Magma set company records in several areas in 1990. Net income was over $84 million, a 44 percent increase over 1989. The company's refined copper output for the year was 469.8 million pounds, not including custom smelting. Another record was set by the production of 115.7 million pounds of copper using the SX/EW process, 24 percent higher than the 1989 figure. 1990 also brought the formation of Magma Gold Ltd., a subsidiary for the possible expansion into gold mining activities, particularly at the McCabe mine in Humboldt, Arizona. Operations were also resumed at the Superior mine in 1990, ending eight years of closure due to high operating costs and low productivity.

In 1991 Magma gained 100 percent ownership of the Robinson mining district, an operating copper and gold orebody containing large copper reserves located near Ely, Nevada. Magma gained 100 percent ownership the following year. Magma had purchased a majority interest in Robinson late in 1990. The more recent purchase gave Magma the 41 percent share previously held by minority partner Alta Gold Co., based in Salt Lake City, for $29 million. A January 1992 feasibility study indicated that Robinson could potentially contribute 125 million pounds of copper and 86,500 ounces of gold per year at a relatively low cost over 16 years of mine life. In October of 1991, Magma management and ten labor unions representing its work force signed a new agreement that was revolutionary both in its content and in the process that led to its creation. The most notable aspect of the contract was its length, fifteen years, including a guarantee of eight years with no work stoppages. The contract negotiations utilized a unique worker participation program, in which work-redesign teams composed of both workers and managers were organized to address specific problems.

The new labor agreement gives Magma an edge over its competition as the twentieth century draws to a close. With ore reserves in place sufficient to carry the company into the next century, Magma's position in the industry appears secure, thanks largely to its gigantic smelting and refining facility at San Manuel.
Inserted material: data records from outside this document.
lemma card_basis_lower:
  "e_HK * real n ^ 2 - real (card (basis n)) \<le> (real margin + 1) * real N * real n"
proof -
  have "(\<Sum>x<n * N. height n 0 x) \<le> N * card (staircase n 0) + N * (n * N)"
    using sum_height_le_card_staircase[of n 0] by simp
  moreover have "N * card (staircase n 0) \<le> N * card (basis n) + N * (margin * (n * N))"
    using mult_le_mono2[OF card_staircase_le] by (simp add: add_mult_distrib2)
  ultimately have "(\<Sum>x<n * N. height n 0 x) \<le> N * card (basis n) + N * (margin * (n * N)) + N * (n * N)"
    by linarith
  from of_nat_mono[OF this, where 'a = real]
  have "real N * (e_HK * real n ^ 2) \<le> real N * (real (card (basis n)) + (real margin + 1) * real N * real n)"
    using sum_height_eq[of n 0] by (simp add: algebra_simps)
  then show ?thesis
    using N_pos by simp
qed

lemma card_basis_estimate:
  "\<bar>real (card (basis n)) - e_HK * real n ^ 2\<bar>
    \<le> (2 * real margin + real N + (real margin + 1) * real N) * real n
      + (real margin + real margin ^ 2 / real N)"
proof (rule abs_leI)
  have "0 \<le> (real margin + 1) * real N * real n" "0 \<le> (2 * real margin + real N) * real n"
    "0 \<le> real margin + real margin ^ 2 / real N"
    by simp_all
  then show "real (card (basis n)) - e_HK * real n ^ 2
      \<le> (2 * real margin + real N + (real margin + 1) * real N) * real n
        + (real margin + real margin ^ 2 / real N)"
    and "- (real (card (basis n)) - e_HK * real n ^ 2)
      \<le> (2 * real margin + real N + (real margin + 1) * real N) * real n
        + (real margin + real margin ^ 2 / real N)"
    using card_basis_upper[of n] card_basis_lower[of n] unfolding distrib_right by linarith+
qed

lemma has_eHK2_gens: "has_eHK2 gens e_HK"
  unfolding has_eHK2_def hk_length_eq_card_basis
  by (rule LIMSEQ_divide_square) (rule card_basis_estimate)

end

theorem corollary5p2:
  fixes n0 d p :: nat
  assumes "p \<ge> 1" and "n0 > 0" and "d > 0"
    and "Gcd ((\<lambda>i. n0 + i * d) ` {0..p}) = 1"
    and "minimally_generates ((\<lambda>i. n0 + i * d) ` {0..p})"
  shows "has_eHK2
           (insert (0, n0 + p * d)
              ((\<lambda>i. (n0 + i * d, (n0 + p * d) - (n0 + i * d))) ` {0..p}))
           (real n0 + real (p * (p + 1) * d ^ 2) / (2 * real (n0 + p * d)))"
proof -
  have "gcd n0 d dvd Gcd ((\<lambda>i. n0 + i * d) ` {0..p})"
    by (rule Gcd_greatest) auto
  then have "coprime n0 d"
    using assms(4) by (simp add: coprime_iff_gcd_eq_1)
  then interpret arith_seq_projective_closure n0 d p
    using assms(1-3) by unfold_locales
  show ?thesis
    using has_eHK2_gens by (simp add: gens_def e_HK_def N_def)
qed

end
Much will depend upon Magma's ability to develop international sources for concentrate feed for the smelter as well as bring the Robinson property on line and proceed with other ore reserve development projects.

Principal Subsidiaries: Magma Metals Co.; Magma Gold Ltd.; Magma Nevada Mining Co.; Magma Arizona Railroad Company; San Manuel Arizona Railroad Company; Magma Limited Partners Co.